= Dastan Sarygulov =

Kyrgyzstani businessman and politician

Dastan Islamovich Sarygulov (Дастан Ислам уулу Сарыгулов, born 1947) is a Kyrgyz businessman and politician.

After graduating as an engineer in 1970, he made a career in the Kirghiz Soviet Socialist Republic in the 1970s to 1980s.
A protégé of the first Kyrgyz president, Askar Akayev, he was given the position of governor of Talas in 1991-1992, and president of Kyrgyzaltyn, a state company that oversees Kyrgyz gold production, from 1992 to 1999.

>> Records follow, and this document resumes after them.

lemma L2_add_const:
  assumes "L2 t0 tE z"
  shows "L2 t0 tE (\<lambda>t. z t + a)"
proof -
  have "z \<in> borel_measurable (Om t0 tE)"
    using assms by (simp add: L2_def)
  then have meas: "(\<lambda>t. z t + a) \<in> borel_measurable (Om t0 tE)"
    by measurable
  have dom: "integrable (Om t0 tE) (\<lambda>t. 2 * (norm (z t))\<^sup>2 + 2 * (norm a)\<^sup>2)"
    using assms
    by (intro Bochner_Integration.integrable_add integrable_mult_right integrable_const_Om)
      (simp add: L2_def)
  have bound: "(norm (z t + a))\<^sup>2 \<le> 2 * (norm (z t))\<^sup>2 + 2 * (norm a)\<^sup>2" for t
  proof -
    have "(norm (z t + a))\<^sup>2 \<le> (norm (z t) + norm a)\<^sup>2"
      by (simp add: norm_triangle_ineq power_mono)
    also have "\<dots> \<le> 2 * (norm (z t))\<^sup>2 + 2 * (norm a)\<^sup>2"
      using sum_squares_bound[of "norm (z t)" "norm a"] by (simp add: power2_sum)
    finally show ?thesis .
  qed
  have "integrable (Om t0 tE) (\<lambda>t. (norm (z t + a))\<^sup>2)"
  proof (rule Bochner_Integration.integrable_bound[OF dom])
    show "(\<lambda>t. (norm (z t + a))\<^sup>2) \<in> borel_measurable (Om t0 tE)"
      using meas by measurable
  qed (use bound in simp)
  with meas show ?thesis by (simp add: L2_def)
qed

definition shift_z ::
    "real \<Rightarrow> (real \<Rightarrow> 'y) \<times> (real \<Rightarrow> 'z::euclidean_space) \<Rightarrow> (real \<Rightarrow> 'y) \<times> (real \<Rightarrow> 'z)"
  where
  "shift_z e x = (fst x, \<lambda>t. snd x t + e *\<^sub>R One)"

lemma shift_z_in_Xsp: "x \<in> Xsp t0 tE \<Longrightarrow> shift_z e x \<in> Xsp t0 tE"
  by (auto simp: shift_z_def Xsp_def L2_add_const)

lemma znonneg_shift_z:
  assumes "znonneg t0 tE (snd x)" "0 \<le> e"
  shows "znonneg t0 tE (snd (shift_z e x))"
  using assms(1) unfolding znonneg_def shift_z_def
  by eventually_elim (use assms(2) in \<open>simp add: inner_add_left inner_sum_Basis\<close>)

lemma Gamma_finite_imp_znonneg:
  assumes "Gamma t0 tE x \<noteq> \<infinity>"
  shows "znonneg t0 tE (snd x)"
proof -
  obtain y z where x: "x = (y, z)" by (cases x)
  have "\<forall>j\<in>Basis. AE t in Om t0 tE. 0 < z t \<bullet> j"
    using assms by (auto simp: x Gamma_def split: if_splits)
  then have "AE t in Om t0 tE. \<forall>j\<in>Basis. 0 < z t \<bullet> j"
    by (simp add: eventually_ball_finite_distrib)
  then show ?thesis
    unfolding x znonneg_def by eventually_elim (auto intro: less_imp_le)
qed

lemma Gamma_lower_bound:
  fixes x :: "(real \<Rightarrow> 'y) \<times> (real \<Rightarrow> 'z::euclidean_space)"
  assumes "t0 \<le> tE" "Gamma t0 tE x \<noteq> \<infinity>" "AE t in Om t0 tE. norm (snd x t) \<le> C"
  shows "ereal (- real DIM('z) * C * (tE - t0)) \<le> Gamma t0 tE x"
proof -
  obtain y z where x: "x = (y, z)" by (cases x)
  have barrier_finite: "\<forall>j\<in>Basis.
      (AE t in Om t0 tE. 0 < z t \<bullet> j) \<and> integrable (Om t0 tE) (\<lambda>t. ln (z t \<bullet> j))"
    using assms(2) by (auto simp: x Gamma_def split: if_splits)
  have "integral\<^sup>L (Om t0 tE) (\<lambda>t. ln (z t \<bullet> j)) \<le> C * (tE - t0)" if j: "j \<in> Basis" for j
  proof (rule integral_Om_le_const[OF assms(1)])
    show "integrable (Om t0 tE) (\<lambda>t. ln (z t \<bullet> j))"
      using barrier_finite j by blast
    have "AE t in Om t0 tE. 0 < z t \<bullet> j"
      using barrier_finite j by blast
    then show "AE t in Om t0 tE. ln (z t \<bullet> j) \<le> C"
      using assms(3)
    proof eventually_elim
      case (elim t)
      have "ln (z t \<bullet> j) < z t \<bullet> j"
        using elim by simp
      also have "\<dots> \<le> norm (z t)"
        using Basis_le_norm[OF j] by (rule order_trans[OF abs_ge_self])
      finally show ?case
        using elim by (simp add: x)
    qed
  qed
  then have "(\<Sum>j\<in>Basis. integral\<^sup>L (Om t0 tE) (\<lambda>t. ln (z t \<bullet> j))) \<le> real DIM('z) * (C * (tE - t0))"
    using sum_mono[of "Basis::'z set" _ "\<lambda>_. C * (tE - t0)"] by simp
  then show ?thesis
    using barrier_finite by (simp add: x Gamma_def)
qed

When Akaev was ousted by the Tulip Revolution, Sarygulov managed to secure the position of state secretary in the cabinet of president Kurmanbek Bakiyev, formed after the 2005 election, but was forced to step down under president in May 2006.
During his time in office, he also chaired an ideological committee where he proposed the adoption of "Tengrism" as an ethnocentric Kyrgyz national ideology. His ideology is an anti-capitalist one.

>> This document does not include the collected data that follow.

text \<open>Irreflexivity makes every recursive call of bt act on a strictly smaller vertex set.\<close>

lemma bt_fuel_indep:
  assumes irr: "\<And>a. \<not> E a a"
  shows "finite S \<Longrightarrow> u \<in> S \<Longrightarrow> card S \<le> n \<Longrightarrow> card S \<le> m \<Longrightarrow> bt E w \<rho> n u S = bt E w \<rho> m u S"
proof (induction n arbitrary: m u S)
  case 0
  then show ?case by (simp add: card_gt_0_iff)
next
  case (Suc n)
  then obtain m' where m: "m = Suc m'" by (cases m) (auto simp: card_gt_0_iff)
  have "bt E w \<rho> n v (comp E (S - {u}) v) = bt E w \<rho> m' v (comp E (S - {u}) v)"
    if "v \<in> {v\<in>S. E u v}" for v
  proof -
    have v: "v \<in> S - {u}" using that irr by auto
    show ?thesis
      using card_comp_less[where E=E, OF Suc.prems(1,2) v] Suc.prems(3,4) m
      by (intro Suc.IH comp_self) auto
  qed
  then show ?case unfolding m bt_Suc by (intro sched_time_cong) simp
qed

lemma bcast_unfold:
  assumes irr: "\<And>a. \<not> E a a" and S: "finite S" "u \<in> S"
  shows "bcast E w \<rho> u S = sched_time \<rho> {v\<in>S. E u v} (\<lambda>v. w u v + bcast E w \<rho> v (comp E (S - {u}) v))"
proof -
  obtain n where n: "card S = Suc n" using S by (cases "card S") (auto simp: card_gt_0_iff)
  have "bt E w \<rho> n v (comp E (S - {u}) v) = bcast E w \<rho> v (comp E (S - {u}) v)"
    if "v \<in> {v\<in>S. E u v}" for v
  proof -
    have v: "v \<in> S - {u}" using that irr by auto
    show ?thesis
      unfolding bcast_def using card_comp_less[where E=E, OF S v] n
      by (intro bt_fuel_indep[OF irr] comp_self) auto
  qed
  then show ?thesis unfolding bcast_def n bt_Suc by (intro sched_time_cong) simp
qed

lemma bcast_nonneg:
  assumes "\<And>a b. E a b \<Longrightarrow> w a b \<ge> 0" "\<rho> \<ge> 0" "finite S"
  shows "bcast E w \<rho> u S \<ge> 0"
proof -
  have "bt E w \<rho> n u S \<ge> 0" for n
    using assms(3)
  proof (induction n arbitrary: u S)
    case (Suc n)
    have "finite (comp E (S - {u}) v)" for v
      using comp_subset[of E "S - {u}" v] Suc.prems finite_subset by blast
    then show ?case
      unfolding bt_Suc using Suc assms(1,2) by (intro sched_time_nonneg) (auto intro: add_nonneg_nonneg)
  qed simp
  then show ?thesis unfolding bcast_def .
qed

section \<open>Connected graphs and paths\<close>

text \<open>Every vertex other than a root r has an edge to a parent closer to r, and these
edges are distinct.\<close>

lemma card_edges_ge_connected:
  assumes fin: "finite V" and ne: "V \<noteq> {}"
    and edges: "\<And>a b. E a b \<Longrightarrow> a \<in> V \<and> b \<in> V \<and> a \<noteq> b"
    and conn: "\<And>a b. a \<in> V \<Longrightarrow> b \<in> V \<Longrightarrow> (adj_in E V)\<^sup>*\<^sup>* a b"
  shows "card V - 1 \<le> card {{a, b} | a b. E a b}"
proof -
  obtain r where r: "r \<in> V" using ne by blast
  define R where "R = adj_in E V"
  define d where "d z = (LEAST n. (R ^^ n) r z)" for z
  have dz: "(R ^^ d z) r z" if "z \<in> V" for z
  proof -
    have "\<exists>n. (R ^^ n) r z" using conn r that rtranclp_imp_relpowp unfolding R_def by metis
    then show ?thesis unfolding d_def by (rule LeastI_ex)
  qed
  have par: "\<exists>y. R y z \<and> d y < d z" if "z \<in> V" "z \<noteq> r" for z
  proof -
    have "d z \<noteq> 0" using dz[OF that(1)] that(2) by (metis relpowp_0_E)
    then obtain k where k: "d z = Suc k" using not0_implies_Suc by blast
    then have "(R ^^ Suc k) r z" using dz[OF that(1)] by simp
    then obtain y where y: "(R ^^ k) r y" "R y z" by (rule relpowp_Suc_E)
    have "d y \<le> k" unfolding d_def using y(1) by (rule Least_le)
    then show ?thesis using y k by auto
  qed
  define parent where "parent z = (SOME y. R y z \<and> d y < d z)" for z
  have parent: "R (parent z) z \<and> d (parent z) < d z" if "z \<in> V" "z \<noteq> r" for z
    unfolding parent_def using par[OF that] by (rule someI_ex)
  define f where "f z = {z, parent z}" for z
  have inj: "inj_on f (V - {r})"
  proof (rule inj_onI)
    fix z1 z2 assume z: "z1 \<in> V - {r}" "z2 \<in> V - {r}" "f z1 = f z2"
    show "z1 = z2"
    proof (rule ccontr)
      assume ne: "z1 \<noteq> z2"
      have "{z1, parent z1} = {z2, parent z2}" using z f_def by simp
      then have "z1 = parent z2 \<and> parent z1 = z2" using ne by (auto simp: doubleton_eq_iff)
      then show False using parent[of z1] parent[of z2] z by auto
    qed
  qed
  have img: "f ` (V - {r}) \<subseteq> {{a, b} | a b. E a b}"
  proof
    fix t assume "t \<in> f ` (V - {r})"
    then obtain z where z: "z \<in> V - {r}" "t = f z" by blast
    then have "E (parent z) z" using parent[of z] unfolding R_def adj_in_def by auto
    moreover have "t = {parent z, z}" using z f_def by auto
    ultimately show "t \<in> {{a, b} | a b. E a b}" by blast
  qed
  have "{{a, b} | a b. E a b} \<subseteq> Pow V" using edges by auto
  then have finE: "finite {{a, b} | a b. E a b}" using fin finite_subset by blast
  have "card (V - {r}) \<le> card {{a, b} | a b. E a b}"
    using card_inj_on_le[OF inj img finE] .
  then show ?thesis using r fin by simp
qed

definition remove_edge :: "('a \<Rightarrow> 'a \<Rightarrow> bool) \<Rightarrow> 'a \<Rightarrow> 'a \<Rightarrow> 'a \<Rightarrow> 'a \<Rightarrow> bool" where
  "remove_edge E a b x y \<longleftrightarrow> E x y \<and> {x, y} \<noteq> {a, b}"

lemma symp_remove_edge: "symp E \<Longrightarrow> symp (remove_edge E a b)"
  by (auto simp: symp_def remove_edge_def insert_commute)

lemma remove_edge_commute: "remove_edge E a b = remove_edge E b a"
  by (auto simp: remove_edge_def insert_commute fun_eq_iff)

lemma walk_remove_edge:
  assumes "(adj_in E A)\<^sup>*\<^sup>* x y" "A \<subseteq> V" "a \<notin> A"
  shows "(adj_in (remove_edge E a b) V)\<^sup>*\<^sup>* x y"
  using assms(1)
  by (rule rtranclp_mono[THEN predicate2D, rotated])
    (use assms(2,3) in \<open>auto simp: adj_in_def remove_edge_def doubleton_eq_iff\<close>)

In 2016, he was arrested along with eight other politicians on suspicion of attempting to seize power. According to Eurasia.net, the existence of the coup plot "has elicited much skepticism." The Kyrgyz government has alleged that he perpetrated serious fraud and embezzlement while he headed Kyrgyzaltyn. Sarygulov is an opposition politician in Kyrgyzstan.